Your job is to copy every line in the material containing the word "amgm".

** Opening TASK INPUTS block **

lemma sum_flow_pairing:
  "(\<Sum>n<R. \<Sum>p\<in>octant_level n. flow_pairing g n p) = g (0, 0, 0) - level_flow R * (\<Sum>p\<in>octant_level R. g p)"
proof (induction R)
  case 0
  have "octant_level 0 = {(0, 0, 0)}" by (auto simp: octant_level_def)
  then show ?case by (simp add: level_flow_def)
next
  case (Suc R)
  then show ?case by (simp add: sum_flow_pairing_level)
qed

lemma level_flow_card: "level_flow n * real (card (octant_level n)) = 1"
  using sum_flow_pairing[where R=n and g="\<lambda>_. 1"] by (simp add: flow_pairing_def)

lemma sum_level_flow_le: "(\<Sum>n<R. level_flow n) \<le> 2"
proof -
  have "(\<Sum>n<R. level_flow n) = (\<Sum>n<R. 2 / (real n + 1) - 2 / (real (Suc n) + 1))"
    by (intro sum.cong) (simp_all add: level_flow_def field_simps)
  also have "\<dots> = 2 - 2 / (real R + 1)"
    using sum_lessThan_telescope'[where f="\<lambda>n. 2 / (real n + 1)" and m=R] by simp
  finally show ?thesis by simp
qed

definition octant_grad_sq :: "(nat \<times> nat \<times> nat \<Rightarrow> real) \<Rightarrow> nat \<times> nat \<times> nat \<Rightarrow> real" where
  "octant_grad_sq g = (\<lambda>(i, j, k). (g (i, j, k) - g (Suc i, j, k))^2 + (g (i, j, k) - g (i, Suc j, k))^2
     + (g (i, j, k) - g (i, j, Suc k))^2)"

lemma flow_pairing_le:
  assumes "p \<in> octant_level n"
  shows "flow_pairing g n p \<le> (level_flow n)^2 + octant_grad_sq g p / 4"
proof -
  obtain i j k where p: "p = (i, j, k)" by (cases p)
  have amgm: "a * d \<le> a^2 + d^2 / 4" for a d :: real
    using zero_le_power2[of "a - d / 2"] by (simp add: power2_diff power_divide algebra_simps)
  have "(edge_flow n i)^2 + (edge_flow n j)^2 + (edge_flow n k)^2
      \<le> (edge_flow n i + edge_flow n j + edge_flow n k)^2"
    by (simp add: power2_eq_square algebra_simps edge_flow_def level_flow_def)
  also have "\<dots> = (level_flow n)^2" using sum_edge_flow assms p by simp
  finally show ?thesis
    using amgm[of "edge_flow n i" "g (i, j, k) - g (Suc i, j, k)"]
      amgm[of "edge_flow n j" "g (i, j, k) - g (i, Suc j, k)"]
      amgm[of "edge_flow n k" "g (i, j, k) - g (i, j, Suc k)"]
    unfolding p flow_pairing_def octant_grad_sq_def prod.case add_divide_distrib by linarith
qed

lemma octant_value_le_energy:
  assumes "(\<Sum>p\<in>octant_level R. g p) = 0"
  shows "g (0, 0, 0) \<le> 2 + (\<Sum>n<R. \<Sum>p\<in>octant_level n. octant_grad_sq g p) / 4"
proof -
  have "g (0, 0, 0) = (\<Sum>n<R. \<Sum>p\<in>octant_level n. flow_pairing g n p)"
    using sum_flow_pairing[where R=R and g=g] assms by simp
  also have "\<dots> \<le> (\<Sum>n<R. \<Sum>p\<in>octant_level n. (level_flow n)^2 + octant_grad_sq g p / 4)"
    by (intro sum_mono flow_pairing_le)
  also have "\<dots> = (\<Sum>n<R. level_flow n) + (\<Sum>n<R. \<Sum>p\<in>octant_level n. octant_grad_sq g p) / 4"
  proof -
    have "(\<Sum>p\<in>octant_level n. (level_flow n)^2) = level_flow n" for n
      using level_flow_card[of n] by (simp add: power2_eq_square mult.commute)
    then show ?thesis by (simp add: sum.distrib sum_divide_distrib)
  qed
  finally show ?thesis using sum_level_flow_le[of R] by simp
qed

section \<open>Transience of the lattice in dimension at least three\<close>

definition octant_embed :: "'n \<Rightarrow> 'n \<Rightarrow> 'n \<Rightarrow> nat \<times> nat \<times> nat \<Rightarrow> int^'n::finite" where
  "octant_embed a b d = (\<lambda>(i, j, k). \<chi> t. if t = a then int i else if t = b then int j
     else if t = d then int k else 0)"

context
  fixes a b d :: "'n::finite"
  assumes distinct: "a \<noteq> b" "a \<noteq> d" "b \<noteq> d"
begin

lemma octant_embed_nth:
  "octant_embed a b d (i, j, k) $ a = int i" "octant_embed a b d (i, j, k) $ b = int j"
  "octant_embed a b d (i, j, k) $ d = int k"
  using distinct by (simp_all add: octant_embed_def)

lemma octant_embed_Suc:
  "octant_embed a b d (Suc i, j, k) = octant_embed a b d (i, j, k) + unit_vec a"
  "octant_embed a b d (i, Suc j, k) = octant_embed a b d (i, j, k) + unit_vec b"
  "octant_embed a b d (i, j, Suc k) = octant_embed a b d (i, j, k) + unit_vec d"
  using distinct by (simp_all add: octant_embed_def unit_vec_def vec_eq_iff)

lemma octant_embed_0: "octant_embed a b d (0, 0, 0) = 0"
  by (simp add: octant_embed_def vec_eq_iff)

lemma inj_octant_embed: "inj (octant_embed a b d)"
proof (rule injI)
  fix p q assume e: "octant_embed a b d p = octant_embed a b d q"
  obtain i j k i' j' k' where "p = (i, j, k)" "q = (i', j', k')" by (cases p, cases q)
  with arg_cong[OF e, of "\<lambda>v. (v$a, v$b, v$d)"] show "p = q" by (simp add: octant_embed_nth)
qed

lemma octant_embed_in_cube: "p \<in> octant_level n \<Longrightarrow> octant_embed a b d p \<in> cube n"
  by (auto simp: octant_embed_def cube_def octant_level_def)

lemma octant_embed_notin_cube:
  assumes "p \<in> octant_level n" "3 * N < n"
  shows "octant_embed a b d p \<notin> cube N"
proof
  assume "octant_embed a b d p \<in> cube N"
  then have c: "octant_embed a b d p $ t \<le> int N" for t unfolding cube_def by auto
  obtain i j k where p: "p = (i, j, k)" by (cases p)
  have "int i \<le> int N" "int j \<le> int N" "int k \<le> int N"
    using c[of a] c[of b] c[of d] unfolding p octant_embed_nth by simp_all
  then show False using assms unfolding p octant_level_def by simp
qed

lemma octant_grad_sq_le_lattice:
  fixes g :: "int^'n::finite \<Rightarrow> real"
  shows "octant_grad_sq (\<lambda>p. g (octant_embed a b d p)) p
    \<le> (\<Sum>y\<in>nbrs (octant_embed a b d p). (g (octant_embed a b d p) - g y)^2)"
proof -
  obtain i j k where p: "p = (i, j, k)" by (cases p)
  define x where "x = octant_embed a b d (i, j, k)"
  have sub: "{x + unit_vec a, x + unit_vec b, x + unit_vec d} \<subseteq> nbrs x"
    using unit_vec_in_nbrs by auto
  have "unit_vec a \<noteq> unit_vec b" "unit_vec a \<noteq> unit_vec d" "unit_vec b \<noteq> unit_vec d"
    using distinct by (auto simp: unit_vec_def vec_eq_iff)
  then have "octant_grad_sq (\<lambda>p. g (octant_embed a b d p)) p
      = (\<Sum>y\<in>{x + unit_vec a, x + unit_vec b, x + unit_vec d}. (g x - g y)^2)"
    unfolding p octant_grad_sq_def by (simp add: octant_embed_Suc x_def[symmetric] add.assoc)
  also have "\<dots> \<le> (\<Sum>y\<in>nbrs x. (g x - g y)^2)"
    by (rule sum_mono2[OF finite_nbrs sub]) simp
  finally show ?thesis unfolding p x_def .
qed

end

lemma obtain_three_distinct:
  assumes "CARD('n::finite) \<ge> 3"
  obtains a b d :: "'n::finite" where "a \<noteq> b" "a \<noteq> d" "b \<noteq> d"
proof -
  obtain T :: "'n set" where "card T = 3" "finite T"
    using obtain_subset_with_card_n[OF assms] by blast
  then obtain a b d :: 'n where "T = {a, b, d}" "a \<noteq> b" "b \<noteq> d" "a \<noteq> d"
    using card_3_iff[of T] by auto
  then show thesis using that by blast
qed

lemma value_le_energy:
  fixes g :: "int^'n::finite \<Rightarrow> real"
  assumes "CARD('n) \<ge> 3" and supp: "\<And>x. x \<notin> cube N \<Longrightarrow> g x = 0"
  shows "g 0 \<le> 2 + (\<Sum>x\<in>cube (3 * N + 1). \<Sum>y\<in>nbrs x. (g x - g y)^2) / 4"
proof -
  obtain a b d :: 'n where distinct: "a \<noteq> b" "a \<noteq> d" "b \<noteq> d"
    using obtain_three_distinct[OF assms(1)] by blast
  define e where "e = octant_embed a b d"
  define R where "R = 3 * N + 1"
  define E where "E x = (\<Sum>y\<in>nbrs x. (g x - g y)^2)" for x
  have "g (e p) = 0" if "p \<in> octant_level R" for p
    using supp octant_embed_notin_cube[OF distinct that] unfolding e_def R_def by simp
  then have "g (e (0, 0, 0)) \<le> 2 + (\<Sum>n<R. \<Sum>p\<in>octant_level n. octant_grad_sq (\<lambda>p. g (e p)) p) / 4"
    by (intro octant_value_le_energy sum.neutral) blast
  then have "g 0 \<le> 2 + (\<Sum>n<R. \<Sum>p\<in>octant_level n. octant_grad_sq (\<lambda>p. g (e p)) p) / 4"
    unfolding e_def octant_embed_0[OF distinct] .
  also have "(\<Sum>n<R. \<Sum>p\<in>octant_level n. octant_grad_sq (\<lambda>p. g (e p)) p)
      \<le> (\<Sum>n<R. \<Sum>p\<in>octant_level n. E (e p))"
    unfolding E_def e_def by (intro sum_mono octant_grad_sq_le_lattice[OF distinct])
  also have "\<dots> = (\<Sum>p\<in>(\<Union>n<R. octant_level n). E (e p))"
  proof (rule sum.UNION_disjoint[symmetric])
    show "\<forall>n\<in>{..<R}. finite (octant_level n)" using finite_octant_level by blast
  qed (auto simp: octant_level_def)
  also have "\<dots> = (\<Sum>x\<in>e ` (\<Union>n<R. octant_level n). E x)"
    using inj_octant_embed[OF distinct] by (simp add: sum.reindex inj_on_subset e_def)
  also have "\<dots> \<le> (\<Sum>x\<in>cube R. E x)"
  proof (rule sum_mono2[OF finite_cube])
    show "e ` (\<Union>n<R. octant_level n) \<subseteq> cube R"
    proof (clarify)
      fix n p assume "n < R" "p \<in> octant_level n"
      then show "e p \<in> cube R"
        using octant_embed_in_cube[OF distinct] cube_mono[of n R] unfolding e_def by (cases p) auto
    qed
    show "0 \<le> E x" for x unfolding E_def by (intro sum_nonneg) simp
  qed
  finally show ?thesis by (simp add: E_def R_def divide_right_mono)
qed

lemma sum_nbrs_restrict:
  assumes "finite T" "\<And>y. y \<in> nbrs x \<Longrightarrow> y \<notin> T \<Longrightarrow> H y = 0"
  shows "(\<Sum>y\<in>nbrs x. H y) = (\<Sum>y\<in>T. if y \<in> nbrs x then H y else 0)"
proof -
  have "(\<Sum>y\<in>nbrs x. H y) = (\<Sum>y\<in>nbrs x \<inter> T. H y)"
    by (rule sum.mono_neutral_right) (use finite_nbrs assms(2) in auto)
  also have "\<dots> = (\<Sum>y\<in>T. if y \<in> nbrs x then H y else 0)"
    using sum.inter_restrict[OF assms(1), of H "nbrs x"] by (simp add: Int_commute)
  finally show ?thesis .
qed

lemma energy_eq_lap:
  fixes f :: "int^'n::finite \<Rightarrow> real"
  assumes supp: "\<And>x. x \<notin> cube N \<Longrightarrow> f x = 0" and "N < M"
  shows "(\<Sum>x\<in>cube M. \<Sum>y\<in>nbrs x. (f x - f y)^2) = 2 * (\<Sum>x\<in>cube M. f x * lap f x)"
proof -
  define T where "T = (cube M :: (int^'n) set)"
  have "finite T" unfolding T_def by (rule finite_cube)
  have out: "f x = 0 \<and> f y = 0" if "y \<in> nbrs x" "y \<notin> T" for x y
  proof -
    have "cube (Suc N) \<subseteq> T" "cube N \<subseteq> T" unfolding T_def using \<open>N < M\<close> by (auto intro!: cube_mono)
    then have "x \<notin> cube N" "y \<notin> cube N" using that nbrs_cube by blast+
    then show ?thesis using supp by simp
  qed
  define A where "A x y = (if y \<in> nbrs x then f x * (f x - f y) else 0)" for x y
  have lap_A: "f x * lap f x = (\<Sum>y\<in>T. A x y)" for x
  proof -
    have "f x * lap f x = (\<Sum>y\<in>nbrs x. f x * (f x - f y))" by (simp add: lap_def sum_distrib_left)
    also have "\<dots> = (\<Sum>y\<in>T. A x y)" unfolding A_def by (rule sum_nbrs_restrict[OF \<open>finite T\<close>]) (use out in auto)
    finally show ?thesis .
  qed
  have "(\<Sum>y\<in>nbrs x. (f x - f y)^2) = (\<Sum>y\<in>T. A x y + A y x)" for x
  proof -
    have "(\<Sum>y\<in>nbrs x. (f x - f y)^2) = (\<Sum>y\<in>T. if y \<in> nbrs x then (f x - f y)^2 else 0)"
      by (rule sum_nbrs_restrict[OF \<open>finite T\<close>]) (use out in auto)
    also have "\<dots> = (\<Sum>y\<in>T. A x y + A y x)"
      unfolding A_def using nbrs_commute[of _ x] by (intro sum.cong) (auto simp: power2_eq_square algebra_simps)
    finally show ?thesis .
  qed
  then have "(\<Sum>x\<in>T. \<Sum>y\<in>nbrs x. (f x - f y)^2) = (\<Sum>x\<in>T. \<Sum>y\<in>T. A x y) + (\<Sum>x\<in>T. \<Sum>y\<in>T. A y x)"
    by (simp add: sum.distrib)
  also have "(\<Sum>x\<in>T. \<Sum>y\<in>T. A y x) = (\<Sum>x\<in>T. \<Sum>y\<in>T. A x y)"
    by (rule sum.swap)
  finally show ?thesis unfolding T_def lap_A by simp
qed

lemma resolvent_trunc_energy_le:
  assumes "\<alpha> \<ge> 0" "N < M"
  shows "(\<Sum>x\<in>(cube M::(int^'n::finite) set). \<Sum>y\<in>nbrs x. (resolvent_trunc \<alpha> N x - resolvent_trunc \<alpha> N y)^2)
    \<le> 2 * resolvent_trunc \<alpha> N (0::int^'n)"
proof -
  define f where "f = (resolvent_trunc \<alpha> N :: int^'n \<Rightarrow> real)"
  have "f x * lap f x \<le> (if x = 0 then f x else 0)" for x
  proof -
    have "lap f x = (if x = 0 then 1 else 0)
        - (lattice_degree TYPE('n) + \<alpha>) * resolvent_term \<alpha> N x - \<alpha> * f x"
      using lap_resolvent_trunc[OF assms(1), of N x] unfolding f_def by linarith
    then have "f x * lap f x = f x * (if x = 0 then 1 else 0)
        - f x * ((lattice_degree TYPE('n) + \<alpha>) * resolvent_term \<alpha> N x) - \<alpha> * (f x)^2"
      by (simp only: right_diff_distrib power2_eq_square mult.left_commute)
    moreover have "f x * ((lattice_degree TYPE('n) + \<alpha>) * resolvent_term \<alpha> N x) \<ge> 0"
      unfolding f_def using assms(1)
      by (intro mult_nonneg_nonneg resolvent_trunc_nonneg resolvent_term_nonneg) simp_all
    moreover have "\<alpha> * (f x)^2 \<ge> 0" using assms(1) by simp
    ultimately show ?thesis by auto
  qed
  then have "(\<Sum>x\<in>cube M. f x * lap f x) \<le> (\<Sum>x\<in>cube M. if x = 0 then f x else 0)"
    by (rule sum_mono)
  also have "\<dots> = f 0" by (simp add: finite_cube zero_in_cube)
  moreover have "(\<Sum>x\<in>cube M. \<Sum>y\<in>nbrs x. (f x - f y)^2) = 2 * (\<Sum>x\<in>cube M. f x * lap f x)"
    unfolding f_def by (rule energy_eq_lap[OF resolvent_trunc_support assms(2)])
  ultimately show ?thesis unfolding f_def by linarith
qed
lemma switched_ode_at_sq_dist_derivative:
  fixes f1 g1 h1 f2 g2 h2 :: "real \<Rightarrow> real"
  defines "D \<equiv> \<lambda>x. (f1 x - f2 x)\<^sup>2 + (g1 x - g2 x)\<^sup>2 + (h1 x - h2 x)\<^sup>2"
  assumes k: "0 \<le> k" "k \<le> 1"
    and ode: "switched_ode_at k f1 g1 h1 x" "switched_ode_at k f2 g2 h2 x"
    and same_sign: "0 < f1 x \<longleftrightarrow> 0 < f2 x"
  shows "\<exists>D'. (D has_real_derivative D') (at x) \<and> D' \<le> D x"
proof -
  define df dg dh where "df = f1 x - f2 x" and "dg = g1 x - g2 x" and "dh = h1 x - h2 x"
  have D_x: "D x = df\<^sup>2 + dg\<^sup>2 + dh\<^sup>2"
    by (simp add: D_def df_def dg_def dh_def)
  have fg: "2 * df * dg \<le> df\<^sup>2 + dg\<^sup>2" and gh: "2 * dg * dh \<le> dg\<^sup>2 + dh\<^sup>2"
    by (simp_all add: sum_squares_bound)
  show ?thesis
  proof (cases "0 < f1 x")
    case True
    then have "(D has_real_derivative 2 * df * dg + 2 * dg * (- k * f1 x - - k * f2 x)
        + 2 * dh * (k * g1 x - k * g2 x)) (at x)"
      using ode same_sign unfolding D_def df_def dg_def dh_def switched_ode_at_def
      by (intro sum_sq_diff_has_real_derivative) simp_all
    moreover have "2 * df * dg + 2 * dg * (- k * f1 x - - k * f2 x) + 2 * dh * (k * g1 x - k * g2 x)
        = (1 - k) * (2 * df * dg) + k * (2 * dg * dh)"
      by (simp add: df_def dg_def dh_def algebra_simps)
    moreover have "\<dots> \<le> (1 - k) * (df\<^sup>2 + dg\<^sup>2) + k * (dg\<^sup>2 + dh\<^sup>2)"
      using k fg gh by (intro add_mono mult_left_mono) simp_all
    moreover have "\<dots> = D x - (k * df\<^sup>2 + (1 - k) * dh\<^sup>2)"
      by (simp add: D_x algebra_simps)
    moreover have "0 \<le> k * df\<^sup>2" "0 \<le> (1 - k) * dh\<^sup>2"
      using k by simp_all
    ultimately show ?thesis
      by (intro exI[of _ "2 * df * dg + 2 * dg * (- k * f1 x - - k * f2 x) + 2 * dh * (k * g1 x - k * g2 x)"])
        linarith
  next
    case False
    then have "(D has_real_derivative 2 * df * dg + 2 * dg * (- h1 x - - h2 x)
        + 2 * dh * (g1 x - g2 x)) (at x)"
      using ode same_sign unfolding D_def df_def dg_def dh_def switched_ode_at_def
      by (intro sum_sq_diff_has_real_derivative) simp_all
    moreover have "2 * df * dg + 2 * dg * (- h1 x - - h2 x) + 2 * dh * (g1 x - g2 x) = 2 * df * dg"
      by (simp add: dg_def dh_def algebra_simps)
    moreover have "df\<^sup>2 + dg\<^sup>2 \<le> D x"
      by (simp add: D_x)
    ultimately show ?thesis
      using fg by auto
  qed
qed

** Closing TASK INPUTS block **

◆ ANSWER SECTION ◆
  have amgm: "a * d \<le> a^2 + d^2 / 4" for a d :: real
    using amgm[of "edge_flow n i" "g (i, j, k) - g (Suc i, j, k)"]
      amgm[of "edge_flow n j" "g (i, j, k) - g (i, Suc j, k)"]
      amgm[of "edge_flow n k" "g (i, j, k) - g (i, j, Suc k)"]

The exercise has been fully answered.